发布时间：2018-03-01 10:11

  本文关键词： 黄花草木樨 MoSOS基因 同源克隆 序列分析 基因表达　出处：《生物技术通报》2017年09期 　论文类型：期刊论文

【摘要】：植物质膜Na+/H+逆向转运蛋白基因SOS1是植物耐盐性必需的基因之一,在抵御盐胁迫过程中发挥十分重要的作用。以黄花草木樨叶片总RNA为模板,通过RT-PCR结合RACE方法克隆得到黄花草木樨MoSOS1基因全长序列,命名为MoSOS1。序列分析表明该基因全长为3 931 bp,开放阅读框(ORF)为2 874 bp,编码957个氨基酸,分子量为112.8 k D,等电点为5.31。TMHAM软件跨膜区的预测分析表明,黄花草木樨MoSOS1蛋白具有8个跨膜结构区域,N端和C端都位于细胞外。氨基酸序列分析表明,MoSOS1蛋白含有1个Na+/H+Exchanger superfamily和一个c NMP(Cyclic nucleotide-monophosphate)结合位点以及1个CAP_ED(Catabolite gene activator protein-effector domain)superfamily结构域。生物信息预测显示,MoSOS1的编码蛋白为不稳定酸性蛋白,不存在信号肽,二级结构多为α-螺旋和无规则卷曲。荧光实时定量RT-PCR分析表明:随着Na Cl浓度的增加,黄花草木樨地上部和根中MoSOS1基因表达水平呈增加趋势,根中表达量大于地上部,表明MoSOS1基因的表达受盐胁迫诱导和调节。

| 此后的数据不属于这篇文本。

(* With the notation of the context, $$|S|\lesssim\min\Big(N_3^{2-\alpha}\log(2+N_1\vee N_2)\,(N_1\wedge N_2)+N_1N_2,\ \ N_1^{2-\alpha}\log(2+N_2\vee N_3)\,(N_2\wedge N_3)+N_2N_3\Big).$$
   Context: Fix $\alpha\in(1,2)$, dyadic numbers $1\le N_1,N_2,N_3\le N$, a real number $m$ and a constant $C_0>0$. Let $S$ be the set of $(k,k_1,k_2,k_3)\in\mathbb Z^4$ with $k=k_1-k_2+k_3$, $k_2\notin\{k_1,k_3\}$, $\big||k_1|^\alpha-|k_2|^\alpha+|k_3|^\alpha-|k|^\alpha-m\big|\le C_0$, $|k|\le N$ and $|k_j|\le N_j$ for $j=1,2,3$. $|A|$ is cardinality, $a\wedge b=\min(a,b)$, $a\vee b=\max(a,b)$. $A\lesssim B$ means $A\le CB$ with $C$ depending only on $\alpha$ and $C_0$. *)

theory Defs
  imports Complex_Main
begin

definition dyadic :: "real \<Rightarrow> bool" where
  "dyadic x \<longleftrightarrow> (\<exists>j::nat. x = 2 ^ j)"

definition resS :: "real \<Rightarrow> real \<Rightarrow> real \<Rightarrow> real \<Rightarrow> real \<Rightarrow> real \<Rightarrow> real
    \<Rightarrow> (int \<times> int \<times> int \<times> int) set" where
  "resS \<alpha> C0 m N N1 N2 N3 =
    {(k, k1, k2, k3). k = k1 - k2 + k3 \<and> k2 \<noteq> k1 \<and> k2 \<noteq> k3 \<and>
      \<bar>\<bar>real_of_int k1\<bar> powr \<alpha> - \<bar>real_of_int k2\<bar> powr \<alpha> + \<bar>real_of_int k3\<bar> powr \<alpha>
        - \<bar>real_of_int k\<bar> powr \<alpha> - m\<bar> \<le> C0 \<and>
      \<bar>real_of_int k\<bar> \<le> N \<and> \<bar>real_of_int k1\<bar> \<le> N1 \<and> \<bar>real_of_int k2\<bar> \<le> N2 \<and>
      \<bar>real_of_int k3\<bar> \<le> N3}"

end

(*
  Fix k1 \<noteq> k2 and put d = k1 - k2, so that k = k3 + d.  The resonance condition confines
  |k3 + d|^\<alpha> - |k3|^\<alpha> to an interval of length 2 C0.  As |x|^\<alpha> is convex with second
  derivative \<alpha>(\<alpha>-1)|x|^(\<alpha>-2), this function of k3 is monotone, with steps of size at least
  \<alpha>(\<alpha>-1)|d|(N3 + |d|)^(\<alpha>-2) on |k3| \<le> N3; hence only 1 + O(1 + N3^(2-\<alpha>)/|d|) values of k3
  are admissible.  Summing over the pairs (k1, k2) gives O(N1 N2) plus N3^(2-\<alpha>) times the
  harmonic sum of 1/|k1 - k2|, which is O(min(N1, N2) log(2 + max(N1, N2))).  The second bound
  follows from the symmetry k1 \<leftrightarrow> k3 of the resonant set.
*)

theory Submission
  imports Defs
begin

lemma powr_diff_ge_linear:
  fixes b u v R :: real
  assumes b: "0 < b" "b < 1" and uv: "0 \<le> u" "u < v" "v \<le> R"
  shows "b * (v - u) * R powr (b - 1) \<le> v powr b - u powr b"
proof (cases "u = 0")
  case True
  have v: "v > 0" using uv True by simp
  have "b * (v * R powr (b - 1)) \<le> v * R powr (b - 1)"
    using b v by (intro mult_left_le_one_le) auto
  also have "\<dots> \<le> v * v powr (b - 1)" using b v uv by (simp add: powr_mono2')
  also have "\<dots> = v powr b" using v by (simp add: powr_diff)
  finally show ?thesis using True by (simp add: mult.assoc)
next
  case False
  then have u: "u > 0" using uv by simp
  have "\<exists>z. u < z \<and> z < v \<and> v powr b - u powr b = (v - u) * (b * z powr (b - 1))"
    by (rule MVT2) (use uv u in \<open>auto intro!: has_real_derivative_powr\<close>)
  then obtain z where z: "u < z" "z < v" "v powr b - u powr b = (v - u) * (b * z powr (b - 1))"
    by blast
  have "R powr (b - 1) \<le> z powr (b - 1)" using b z u uv by (intro powr_mono2') auto
  then have "b * (v - u) * R powr (b - 1) \<le> b * (v - u) * z powr (b - 1)"
    using b uv by (intro mult_left_mono) auto
  with z show ?thesis by (simp add: algebra_simps)
qed

definition signed_powr :: "real \<Rightarrow> real \<Rightarrow> real" where
  "signed_powr b t = sgn t * \<bar>t\<bar> powr b"

lemma signed_powr_diff_ge_linear:
  fixes b u v R :: real
  assumes b: "0 < b" "b < 1" and uv: "u < v" "\<bar>u\<bar> \<le> R" "\<bar>v\<bar> \<le> R"
  shows "b * (v - u) * R powr (b - 1) \<le> signed_powr b v - signed_powr b u"
proof -
  consider "0 \<le> u" | "u < 0" "0 \<le> v" | "v < 0" by linarith
  then show ?thesis
  proof cases
    case 1
    then show ?thesis using powr_diff_ge_linear[OF b 1 uv(1)] uv
      by (cases "u = 0") (auto simp: signed_powr_def sgn_if)
  next
    case 2
    have "b * (v - u) * R powr (b - 1) = b * (v - 0) * R powr (b - 1) + b * (0 - u) * R powr (b - 1)"
      by (simp add: algebra_simps)
    also have "\<dots> \<le> (v powr b - 0 powr b) + ((-u) powr b - 0 powr b)"
      using powr_diff_ge_linear[OF b, of 0 v R] powr_diff_ge_linear[OF b, of 0 "-u" R] 2 uv
      by (cases "v = 0") (auto intro: add_mono)
    also have "\<dots> = signed_powr b v - signed_powr b u"
      using 2 by (cases "v = 0") (auto simp: signed_powr_def sgn_if)
    finally show ?thesis .
  next
    case 3
    then show ?thesis using powr_diff_ge_linear[OF b, of "-v" "-u" R] uv
      by (auto simp: signed_powr_def sgn_if algebra_simps)
  qed
qed

lemma has_real_derivative_abs_powr:
  fixes a t :: real
  assumes "t \<noteq> 0"
  shows "((\<lambda>x. \<bar>x\<bar> powr a) has_real_derivative a * signed_powr (a - 1) t) (at t)"
proof (cases "t > 0")
  case True
  have "\<forall>\<^sub>F x in nhds t. x powr a = \<bar>x\<bar> powr a"
    using eventually_nhds_in_open[of "{0<..}" t] True by (auto elim!: eventually_mono)
  moreover have "((\<lambda>x. x powr a) has_real_derivative a * t powr (a - 1)) (at t)"
    using True by (rule has_real_derivative_powr)
  ultimately show ?thesis using True
    by (simp add: DERIV_cong_ev signed_powr_def)
next
  case False
  then have t: "t < 0" using assms by simp
  have "\<forall>\<^sub>F x in nhds t. (-x) powr a = \<bar>x\<bar> powr a"
    using eventually_nhds_in_open[of "{..<0}" t] t by (auto elim!: eventually_mono)
  moreover have "((\<lambda>x. (-x) powr a) has_real_derivative a * (-t) powr (a - 1) * (-1)) (at t)"
    using t by (auto intro!: derivative_eq_intros)
  ultimately show ?thesis using t
    by (simp add: DERIV_cong_ev signed_powr_def)
qed

definition powr_gap :: "real \<Rightarrow> real \<Rightarrow> real \<Rightarrow> real" where
  "powr_gap a d x = \<bar>x + d\<bar> powr a - \<bar>x\<bar> powr a"

lemma powr_gap_unit_step_ge:
  fixes a M :: real and d j :: int
  assumes a: "1 < a" "a < 2" and d: "d \<ge> 1"
    and M: "\<bar>real_of_int j\<bar> \<le> M" "\<bar>real_of_int j + 1\<bar> \<le> M"
  shows "a * (a - 1) * d * (M + d) powr (a - 2)
     \<le> powr_gap a d (j + 1) - powr_gap a d j"
proof -
  let ?G = "powr_gap a d" and ?G' = "\<lambda>x::real. a * (signed_powr (a - 1) (x + d) - signed_powr (a - 1) x)"
  have cont: "continuous_on {real_of_int j..j + 1} ?G"
    unfolding powr_gap_def using a by (auto intro!: continuous_intros continuous_on_powr')
  have der: "(?G has_real_derivative ?G' x) (at x)" if x: "real_of_int j < x" "x < real_of_int j + 1" for x
  proof -
    have "x \<notin> \<int>" using x by (auto elim!: Ints_cases)
    \<comment> \<open>so \<open>x\<close> avoids both kinks \<open>0\<close> and \<open>-d\<close> of \<open>?G\<close>\<close>
    then have "x \<noteq> 0" "x + d \<noteq> 0" by (auto simp: add_eq_0_iff2)
    have "((\<lambda>x. x + real_of_int d) has_real_derivative 1) (at x)"
      by (auto intro!: derivative_eq_intros)
    then have "((\<lambda>x. \<bar>x + d\<bar> powr a) has_real_derivative a * signed_powr (a - 1) (x + d) * 1) (at x)"
      by (rule DERIV_chain2[where g = "\<lambda>x. x + real_of_int d",
            OF has_real_derivative_abs_powr[OF \<open>x + d \<noteq> 0\<close>]])
    moreover have "((\<lambda>x. \<bar>x\<bar> powr a) has_real_derivative a * signed_powr (a - 1) x) (at x)"
      by (rule has_real_derivative_abs_powr[OF \<open>x \<noteq> 0\<close>])
    ultimately show ?thesis unfolding powr_gap_def by (simp add: DERIV_diff algebra_simps)
  qed
  obtain l z where z: "real_of_int j < z" "z < real_of_int j + 1" "(?G has_real_derivative l) (at z)"
    and l: "?G (j + 1) - ?G j = (real_of_int j + 1 - j) * l"
    using MVT[OF _ cont] der unfolding real_differentiable_def by force
  have "?G (j + 1) - ?G j = ?G' z" using l DERIV_unique[OF z(3) der[OF z(1,2)]] by simp
  have "(a - 1) * (z + d - z) * (M + d) powr (a - 1 - 1)
      \<le> signed_powr (a - 1) (z + d) - signed_powr (a - 1) z"
    by (rule signed_powr_diff_ge_linear) (use a d M z in auto)
  then have "a * ((a - 1) * d * (M + d) powr (a - 2)) \<le> ?G' z"
    using a by (intro mult_left_mono) (auto simp: algebra_simps)
  with \<open>?G (j + 1) - ?G j = ?G' z\<close> show ?thesis by (simp add: algebra_simps)
qed

lemma powr_gap_growth:
  fixes a M :: real and d j :: int
  assumes a: "1 < a" "a < 2" and d: "d \<ge> 1"
    and M: "\<bar>real_of_int j\<bar> \<le> M" "\<bar>real_of_int j + real n\<bar> \<le> M"
  shows "real n * (a * (a - 1) * d * (M + d) powr (a - 2)) \<le> powr_gap a d (j + n) - powr_gap a d j"
  using M(2)
proof (induction n)
  case (Suc n)
  have "\<bar>real_of_int j + real n\<bar> \<le> M" using M(1) Suc.prems by auto
  note IH = Suc.IH[OF this]
  have "\<bar>real_of_int (j + n)\<bar> \<le> M" "\<bar>real_of_int (j + n) + 1\<bar> \<le> M"
    using M(1) Suc.prems by auto
  from powr_gap_unit_step_ge[OF a d this] IH show ?case
    by (simp add: distrib_right add.assoc add.commute[of 1])
qed simp

lemma card_le_of_growth:
  fixes T :: "int set" and f :: "int \<Rightarrow> real"
  assumes "finite T" "\<delta> > 0" "w \<ge> 0"
    and growth: "\<And>x y. x \<in> T \<Longrightarrow> y \<in> T \<Longrightarrow> x \<le> y \<Longrightarrow> \<delta> * real_of_int (y - x) \<le> f y - f x"
    and spread: "\<And>x y. x \<in> T \<Longrightarrow> y \<in> T \<Longrightarrow> f y - f x \<le> w"
  shows "real (card T) \<le> 1 + w / \<delta>"
proof (cases "T = {}")
  case True
  with assms show ?thesis by simp
next
  case False
  define x0 where "x0 = Min T"
  have x0: "x0 \<in> T" "\<And>y. y \<in> T \<Longrightarrow> x0 \<le> y"
    using assms False unfolding x0_def by auto
  have "T \<subseteq> {x0..x0 + \<lfloor>w / \<delta>\<rfloor>}"
  proof
    fix y assume y: "y \<in> T"
    have "\<delta> * (y - x0) \<le> w" using growth[OF x0(1) y x0(2)[OF y]] spread[OF x0(1) y] by simp
    then have "real_of_int (y - x0) \<le> w / \<delta>" using \<open>\<delta> > 0\<close> by (simp add: field_simps)
    then show "y \<in> {x0..x0 + \<lfloor>w / \<delta>\<rfloor>}"
      using x0(2)[OF y] le_floor_iff[of "y - x0" "w / \<delta>"] by simp
  qed
  then have "card T \<le> nat (\<lfloor>w / \<delta>\<rfloor> + 1)" using card_mono[of "{x0..x0 + \<lfloor>w / \<delta>\<rfloor>}"] by simp
  moreover have "\<lfloor>w / \<delta>\<rfloor> \<ge> 0" using assms by simp
  ultimately show ?thesis using of_int_floor_le[of "w / \<delta>"] by linarith
qed

lemma finite_int_abs_le: "finite {x::int. \<bar>real_of_int x\<bar> \<le> M}"
  by (rule finite_subset[of _ "{-\<lceil>M\<rceil>..\<lceil>M\<rceil>}"]) (auto simp: abs_le_iff, linarith+)

definition powr_gap_level :: "real \<Rightarrow> real \<Rightarrow> int \<Rightarrow> real \<Rightarrow> real \<Rightarrow> int set" where
  "powr_gap_level a M d c C0 = {x::int. \<bar>real_of_int x\<bar> \<le> M \<and> \<bar>powr_gap a d x - c\<bar> \<le> C0}"

lemma finite_powr_gap_level: "finite (powr_gap_level a M d c C0)"
  by (rule finite_subset[OF _ finite_int_abs_le[of M]]) (auto simp: powr_gap_level_def)

lemma card_powr_gap_level_le:
  fixes a M C0 c :: real and d :: int
  assumes a: "1 < a" "a < 2" and d: "d \<ge> 1" and C0: "C0 > 0" and M: "M \<ge> 1"
  shows "real (card (powr_gap_level a M d c C0)) \<le> 1 + 2 * C0 / (a * (a - 1) * d * (M + d) powr (a - 2))"
proof (rule card_le_of_growth[OF finite_powr_gap_level, where f = "\<lambda>x. powr_gap a d x"])
  show "0 < a * (a - 1) * d * (M + d) powr (a - 2)" "0 \<le> 2 * C0" using a d M C0 by auto
next
  fix x y assume "x \<in> powr_gap_level a M d c C0" "y \<in> powr_gap_level a M d c C0" "x \<le> y"
  then show "a * (a - 1) * d * (M + d) powr (a - 2) * real_of_int (y - x) \<le> powr_gap a d y - powr_gap a d x"
    using powr_gap_growth[OF a d, of x M "nat (y - x)"] by (auto simp: powr_gap_level_def mult.commute)
next
  fix x y assume "x \<in> powr_gap_level a M d c C0" "y \<in> powr_gap_level a M d c C0"
  then show "powr_gap a d y - powr_gap a d x \<le> 2 * C0" by (auto simp: powr_gap_level_def)
qed

lemma powr_add_le:
  fixes x y e :: real
  assumes "x \<ge> 0" "y \<ge> 0" "0 \<le> e" "e \<le> 1"
  shows "(x + y) powr e \<le> 2 * (x powr e + y powr e)"
proof -
  have "(x + y) powr e \<le> (2 * max x y) powr e"
    using assms by (intro powr_mono2) auto
  also have "\<dots> = 2 powr e * max x y powr e" using assms by (simp add: powr_mult)
  also have "\<dots> \<le> 2 * max x y powr e"
    using powr_mono[of e 1 2] assms by (intro mult_right_mono) auto
  also have "\<dots> \<le> 2 * (x powr e + y powr e)" by (simp add: max_def)
  finally show ?thesis .
qed

lemma powr_gap_level_uminus: "powr_gap_level a M (-d) c C0 = uminus ` powr_gap_level a M d c C0"
proof -
  have "powr_gap a e (- x) = powr_gap a (- e) x" for e x :: real
  proof -
    have "\<bar>- x + e\<bar> = \<bar>x - e\<bar>" by linarith
    then show ?thesis by (simp add: powr_gap_def)
  qed
  then show ?thesis unfolding powr_gap_level_def
    by (auto intro!: image_eqI[where x = "- x" for x])
qed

[Abstract]:Plant plasma membrane Na / H antiporter gene SOS1 is one of the essential genes of plant salt tolerance and plays an important role in resisting salt stress. The total RNA of sweet clover leaves was used as a template. The full-length MoSOS1 gene of Melilotus lutei was cloned by RT-PCR and RACE, and named MoSOS1.The sequence analysis showed that the full-length of the gene was 3 931 BP, and the open reading frame (ORF) was 2 874 BP, encoding 957 amino acids. The predicted molecular weight is 112.8 KD and the isoelectric point is 5.31.TMHAM. The N-terminal and C-terminal of the MoSOS1 protein are located outside the cell. Amino acid sequence analysis shows that the moosos1 protein contains a Na / H Exchanger superfamily and a c NMP(Cyclic nucleotide-monophosphate) binding site and a CAP_ED(Catabolite gene activator protein-effector domain)superfamily node. Domain. Bioinformatics prediction shows that the encoded protein of MoSOS1 is unstable acidic protein. There was no signal peptide, and the secondary structure was mostly 伪 -helix and irregular curl. Fluorescence real-time quantitative RT-PCR analysis showed that with the increase of NaCl concentration, the level of MoSOS1 gene expression in the upper part and root of Xidi showed an increasing trend. The expression of MoSOS1 gene in root was higher than that in shoot, which indicated that the expression of MoSOS1 gene was induced and regulated by salt stress.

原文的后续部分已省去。